Il servizio di car sharing è sempre più diffuso ed è utilizzato come strumento di mobilità, oggi ancora saltuario e sporadico, in alternativa alla vettura di proprietà ma anche – e in misura ancora maggiore – al trasporto pubblico. Grazie all’auto condivisa, quasi 2 utenti su 10 hanno già rinunciato all’auto di proprietà, che presenta costi di gestione più onerosi rispetto al car sharing per percorrenze annue medio/basse (fino a 8.300 Km/anno, per un’auto di medie dimensioni).
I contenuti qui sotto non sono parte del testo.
lemma card_leafy_pieces_le_lam: "card (leafy_pieces V E) \<le> lam V E"
proof -
  let ?L = "leafy_pieces V E"
  define leaf where "leaf C = (SOME v. v \<in> C \<and> degree V E v = 1)" for C
  have leaf: "leaf C \<in> C \<and> degree V E (leaf C) = 1" if C: "C \<in> ?L" for C
  proof -
    obtain v where "v \<in> C \<and> degree V E v = 1" using C by (auto simp: leafy_pieces_def)
    then show ?thesis unfolding leaf_def by (rule someI)
  qed
  have pieces: "C \<in> pieces V E" if "C \<in> ?L" for C
    using that by (simp add: leafy_pieces_def)
  have "inj_on leaf ?L"
  proof (rule inj_onI)
    fix C D assume C: "C \<in> ?L" and D: "D \<in> ?L" and "leaf C = leaf D"
    then have "leaf C \<in> C \<inter> D" using leaf[OF C] leaf[OF D] by simp
    then show "C = D" using pieces_disjoint[OF pieces[OF C] pieces[OF D]] by blast
  qed
  moreover have "card (leaf ` ?L) \<le> lam V E"
  proof (rule card_le_lam)
    show "leaf ` ?L \<subseteq> leaves V E"
      using leaf pieces_subset[OF pieces] by (auto simp: leaves_def)
    show "separated V E 20 (leaf ` ?L)"
      unfolding separated_def
    proof (intro ballI impI)
      fix x y assume "x \<in> leaf ` ?L" "y \<in> leaf ` ?L" "x \<noteq> y"
      then obtain C D where "C \<in> ?L" "D \<in> ?L" "x = leaf C" "y = leaf D" "C \<noteq> D" by blast
      then show "20 \<le> dist V E x y"
        using leaves_in_distinct_pieces_far[OF pieces pieces] leaf by simp
    qed
  qed
  ultimately show ?thesis by (simp add: card_image)
qed

lemma card_long_segments_le: "2 \<le> card V \<Longrightarrow> card (long_segments V E) + 3 \<le> 3 * lam V E"
  using card_midpoints_le_leafy card_leafy_pieces_le_lam card_midpoints by fastforce

end

section \<open>Counting bare paths\<close>

lemma real_div_ge: "real n / real m - 1 \<le> real (n div m)"
  using real_of_int_div3[of "int n" "int m"]
  by (metis of_int_of_nat_eq zdiv_int diff_le_eq add.commute)

lemma bare_chunk_count_arith:
  fixes n l K A k :: real
  assumes "2 \<le> K" "A \<le> 50 * K" "0 \<le> A" "0 \<le> n" "0 \<le> l" "l < n / (100 * K)" "K \<le> k" "k \<le> K + 1"
  shows "n / (90 * k) \<le> (n - A * l) / (k + 1) - 3 * l"
proof -
  have K: "0 < K" and "0 < k" using assms(1,7) by linarith+
  have "100 * K * l \<le> n" using assms(6) K by (simp add: field_simps)
  moreover have "A * l \<le> 50 * K * l" using assms(2,5) by (simp add: mult_right_mono)
  ultimately have "n / 2 \<le> n - A * l" by linarith
  then have "(n / 2) / (2 * K) \<le> (n - A * l) / (k + 1)"
    using assms(1,4,8) \<open>0 < k\<close> K by (intro frac_le) auto
  moreover have "3 * l \<le> 3 * n / (100 * K)" using assms(6) by simp
  moreover have "n / (90 * k) \<le> n / (90 * K)" using assms(4,7) K by (intro divide_left_mono) auto
  moreover have "n / (90 * K) + 3 * n / (100 * K) \<le> (n / 2) / (2 * K)"
    using assms(4) K by (simp add: field_simps)
  ultimately show ?thesis by linarith
qed

context tree
begin

lemma card_deg2_le:
  assumes "2 \<le> card V" "\<forall>v\<in>V. degree V E v \<le> D"
  shows "card (deg2 V E) \<le> (\<Sum>X\<in>long_segments V E. card X) + 40 * D * card (V - deg2 V E)"
proof -
  let ?S = "segments V E" and ?L = "long_segments V E"
  have LS: "?L \<subseteq> ?S" by (auto simp: long_segments_def)
  have "card (deg2 V E) = card (\<Union>?S)" by (simp add: segments_def Union_components)
  also have "\<dots> = (\<Sum>X\<in>?S. card X)"
  proof (rule card_Union_disjoint)
    show "pairwise disjnt ?S" using segments_disjoint by (auto simp: pairwise_def disjnt_def)
    show "finite X" if "X \<in> ?S" for X
      using finite_subset[OF segments_subset_deg2[OF that] finite_subset[OF deg2_subset finite_V]] .
  qed
  also have "\<dots> = (\<Sum>X\<in>?L. card X) + (\<Sum>X\<in>?S - ?L. card X)"
    using sum.subset_diff[OF LS finite_segments, of card] by simp
  also have "(\<Sum>X\<in>?S - ?L. card X) \<le> (\<Sum>X\<in>?S - ?L. 40)"
    by (rule sum_mono) (auto simp: long_segments_def)
  also have "\<dots> \<le> 40 * card ?S" using card_mono[OF finite_segments, of "?S - ?L"] by auto
  also have "\<dots> \<le> 40 * (D * card (V - deg2 V E))" using card_segments_le[OF assms] by simp
  finally show ?thesis by simp
qed

lemma card_bare_chunks_ge:
  assumes "0 < m"
  shows "real (\<Sum>X\<in>long_segments V E. card X) / real m - real (card (long_segments V E))
    \<le> real (card (bare_chunks V E m))"
proof -
  let ?L = "long_segments V E"
  have "real (\<Sum>X\<in>?L. card X) / real m - real (card ?L) = (\<Sum>X\<in>?L. real (card X) / real m - 1)"
    by (simp add: sum_subtractf sum_divide_distrib)
  also have "\<dots> \<le> (\<Sum>X\<in>?L. real (card X div m))" by (rule sum_mono) (rule real_div_ge)
  also have "\<dots> \<le> (\<Sum>X\<in>segments V E. real (card X div m))"
    by (rule sum_mono2[OF finite_segments]) (auto simp: long_segments_def)
  also have "\<dots> = real (card (bare_chunks V E m))" by (simp add: card_bare_chunks[OF assms])
  finally show ?thesis .
qed

lemma card_bare_chunks_lower_bound:
  assumes "2 \<le> card V" "\<forall>v\<in>V. degree V E v \<le> D" "0 < m"
  shows "(real (card V) - real (2 * (1 + 40 * D) * (D + 1) ^ 19) * real (lam V E)) / real m
      - 3 * real (lam V E) \<le> real (card (bare_chunks V E m))"
proof -
  let ?N = "card (V - deg2 V E)" and ?\<Sigma> = "\<Sum>X\<in>long_segments V E. card X"
  have "card V = ?N + card (deg2 V E)"
    using card_Diff_subset[OF finite_subset[OF deg2_subset finite_V] deg2_subset]
      card_mono[OF finite_V deg2_subset] by simp
  then have V: "card V \<le> ?\<Sigma> + (1 + 40 * D) * ?N" using card_deg2_le[OF assms(1,2)] by simp
  have "?N \<le> 2 * ((D + 1) ^ 19 * lam V E)"
    using card_non_deg2_le[OF assms(1)] card_leaves_le[OF assms(2)] by linarith
  then have "(1 + 40 * D) * ?N \<le> (1 + 40 * D) * (2 * ((D + 1) ^ 19 * lam V E))"
    by (rule mult_le_mono2)
  also have "\<dots> = 2 * (1 + 40 * D) * (D + 1) ^ 19 * lam V E" by (simp only: mult_ac)
  finally have "card V \<le> ?\<Sigma> + 2 * (1 + 40 * D) * (D + 1) ^ 19 * lam V E" using V by linarith
  then have "real (card V) \<le> real ?\<Sigma> + real (2 * (1 + 40 * D) * (D + 1) ^ 19) * real (lam V E)"
    by (simp only: of_nat_add[symmetric] of_nat_mult[symmetric] of_nat_le_iff)
  then have "real (card V) - real (2 * (1 + 40 * D) * (D + 1) ^ 19) * real (lam V E) \<le> real ?\<Sigma>"
    by linarith
  then have "(real (card V) - real (2 * (1 + 40 * D) * (D + 1) ^ 19) * real (lam V E)) / real m
      \<le> real ?\<Sigma> / real m" using assms(3) by (simp add: divide_right_mono)
  moreover have "real (card (long_segments V E)) \<le> 3 * real (lam V E)"
    using card_long_segments_le[OF assms(1)] by linarith
  ultimately show ?thesis using card_bare_chunks_ge[OF assms(3)] by linarith
qed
E’ quanto emerge dalla ricerca “Il Car Sharing in Italia: soluzione tattica o alternativa strategica?”, condotta da Aniasa (Associazione Nazionale Industria dell’Autonoleggio e Servizi Automobilistici) e dalla società di consulenza strategica Bain & Company, presentata ieri a Milano nel corso dell’Assemblea Pubblica dell’Associazione. Secondo lo studio l’utente tipo è maschio, ha 38 anni, è pendolare e lo utilizza per raggiungere il lavoro; possiede in media 2,8 tessere e se ne serve senza preferenze per particolari operatori o modelli, verificando la disponibilità del veicolo più vicino.
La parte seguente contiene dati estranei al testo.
lemma quotient_generated_by_two: "generated_by_two R quotient_module"
  unfolding generated_by_two_def
proof (intro bexI)
  have combination: "rep (x, y) = smult quotient_module x (rep (\<one>, \<zero>)) \<oplus>\<^bsub>quotient_module\<^esub>
      smult quotient_module y (rep (\<zero>, \<one>))"
    if "x \<in> carrier R" "y \<in> carrier R" for x y
    using that by simp
  show "carrier quotient_module =
      {smult quotient_module r (rep (\<one>, \<zero>)) \<oplus>\<^bsub>quotient_module\<^esub>
       smult quotient_module s (rep (\<zero>, \<one>)) | r s. r \<in> carrier R \<and> s \<in> carrier R}"
    (is "_ = ?span")
  proof
    show "carrier quotient_module \<subseteq> ?span"
    proof
      fix v assume "v \<in> carrier quotient_module"
      then obtain x y where "x \<in> carrier R" "y \<in> carrier R" "v = rep (x, y)"
        by (rule quotient_carrierE)
      then show "v \<in> ?span"
        using combination by blast
    qed
    show "?span \<subseteq> carrier quotient_module"
      by auto
  qed
qed simp_all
Oltre metà degli utilizzatori viaggia in compagnia di una o più persone, abbattendo ulteriormente i costi sostenuti. Ogni auto condivisa toglie dalla strada fino a 9 vetture in proprietà ma per trasformare il car sharing da alternativa tattica a soluzione strategica per la mobilità urbana, le Istituzioni nazionali e locali dovrebbero uniformare la normativa sul settore e rendere omogenee le condizioni di utilizzo nelle città. Secondo lo studio, che ha definito caratteristiche, prospettive e impatto del car sharing sulla mobilità urbana in Italia, i dati registrati a fine 2016 danno conto di un fenomeno in grande sviluppo in diverse città della Penisola: 1.080.000 tessere di iscrizione (+70% vs 2015), 6.270.000 noleggi (+33%) e una flotta di 6.000 veicoli (+33%).
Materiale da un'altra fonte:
lemma conj_by_conj_by:
  assumes "\<forall>z\<in>disk. mmul n (V z) (U z) = mid n" "f \<in> Cdisk n"
  shows "conj_by n V (conj_by n U f) = f"
proof
  fix z show "conj_by n V (conj_by n U f) z = f z"
  proof (cases "z \<in> disk")
    case True
    have VU: "mmul n (V z) (U z) = mid n" using assms True by auto
    have "mmul n (madj (U z)) (madj (V z)) = mid n"
      using arg_cong [OF VU, of madj] by (simp only: madj_mmul madj_mid)
    with VU assms(2) show ?thesis
      unfolding conj_by_def
      by (simp add: mmul_assoc [symmetric] mmul_mid_left Cdisk_mat_n)
        (simp add: mmul_assoc mmul_mid_right Cdisk_mat_n)
  next
    case False with assms(2) show ?thesis by (simp add: conj_by_def Cdisk_outside)
  qed
qed

lemma conj_by_madd: "conj_by n U (\<lambda>z. madd (f z) (g z)) = (\<lambda>z. madd (conj_by n U f z) (conj_by n U g z))"
  unfolding conj_by_def by (simp add: mmul_madd_left mmul_madd_right)

lemma conj_by_msmult: "conj_by n U (\<lambda>z. msmult c (f z)) = (\<lambda>z. msmult c (conj_by n U f z))"
  unfolding conj_by_def by (simp add: mmul_msmult_left mmul_msmult_right)

lemma conj_by_madj: "conj_by n U (\<lambda>z. madj (f z)) = (\<lambda>z. madj (conj_by n U f z))"
  unfolding conj_by_def by (simp add: madj_mmul mmul_assoc)

lemma conj_by_mmul:
  assumes "unitary_on n disk U" "f \<in> Cdisk n" "g \<in> Cdisk n"
  shows "conj_by n U (\<lambda>z. mmul n (f z) (g z)) = (\<lambda>z. mmul n (conj_by n U f z) (conj_by n U g z))"
proof
  fix z show "conj_by n U (\<lambda>z. mmul n (f z) (g z)) z = mmul n (conj_by n U f z) (conj_by n U g z)"
  proof (cases "z \<in> disk")
    case True
    then have "mmul n (madj (U z)) (U z) = mid n" using assms(1) unfolding unitary_on_def by auto
    then show ?thesis unfolding conj_by_def by (simp add: mmul_assoc mmul_cancel_left mmul_mat_n)
  next
    case False with assms show ?thesis by (simp add: conj_by_def Cdisk_outside)
  qed
qed

lemma continuous_on_mmul:
  assumes "\<And>i j. continuous_on S (\<lambda>z. A z i j)" "\<And>i j. continuous_on S (\<lambda>z. B z i j)"
  shows "continuous_on S (\<lambda>z. mmul n (A z) (B z) i j)"
proof (cases "i < n \<and> j < n")
  case True with assms show ?thesis unfolding mmul_def by (simp add: continuous_intros)
next
  case False
  then have "(\<lambda>z. mmul n (A z) (B z) i j) = (\<lambda>z. 0)" by (auto simp: mmul_def)
  then show ?thesis by (simp only: continuous_on_const)
qed

lemma continuous_on_madj:
  "(\<And>i j. continuous_on S (\<lambda>z. A z i j)) \<Longrightarrow> continuous_on S (\<lambda>z. madj (A z) i j)"
  unfolding madj_def by (simp add: continuous_intros)

lemma conj_by_Cdisk:
  assumes U: "\<And>i j. continuous_on disk (\<lambda>z. U z i j)" and f: "f \<in> Cdisk n"
  shows "conj_by n U f \<in> Cdisk n"
proof -
  have "continuous_on disk (\<lambda>z. f z i j)" for i j using f unfolding Cdisk_def by auto
  then have "continuous_on disk (\<lambda>z. conj_by n U f z i j)" for i j
    unfolding conj_by_def by (intro continuous_on_mmul continuous_on_madj U)
  with f show ?thesis unfolding Cdisk_def by (auto simp: conj_by_def mmul_mat_n Cdisk_outside)
qed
Ma per trasformare la mobilità condivisa da alternativa tattica a soluzione strategica per il trasporto urbano, le istituzioni nazionali e locali dovrebbero uniformare la normativa sul settore e rendere omogenee nelle città le condizioni di utilizzo. “Manca innanzitutto una definizione normativa di vehicle sharing, così come una cornice legislativa unica per gli operatori pubblici e privati, i quali oggi si confrontano con regolamentazioni del servizio disomogenee fra una città e l’altra, che creano anche confusione nell’utente finale specialmente quando è in trasferta” evidenzia Andrea Cardinali, presidente di Aniasa. “Come testimonia la ricerca, è necessario un potenziamento delle infrastrutture, prevedendo, tra l’altro, parcheggi dedicati e di scambio intermodale presso stazioni ferroviarie e della metropolitana, centri commerciali, poli universitari e ospedalieri: vere e proprie ‘isole della mobilità’ dove l’utente possa cambiare mezzo di trasporto in modo agevole e soprattutto garantito”.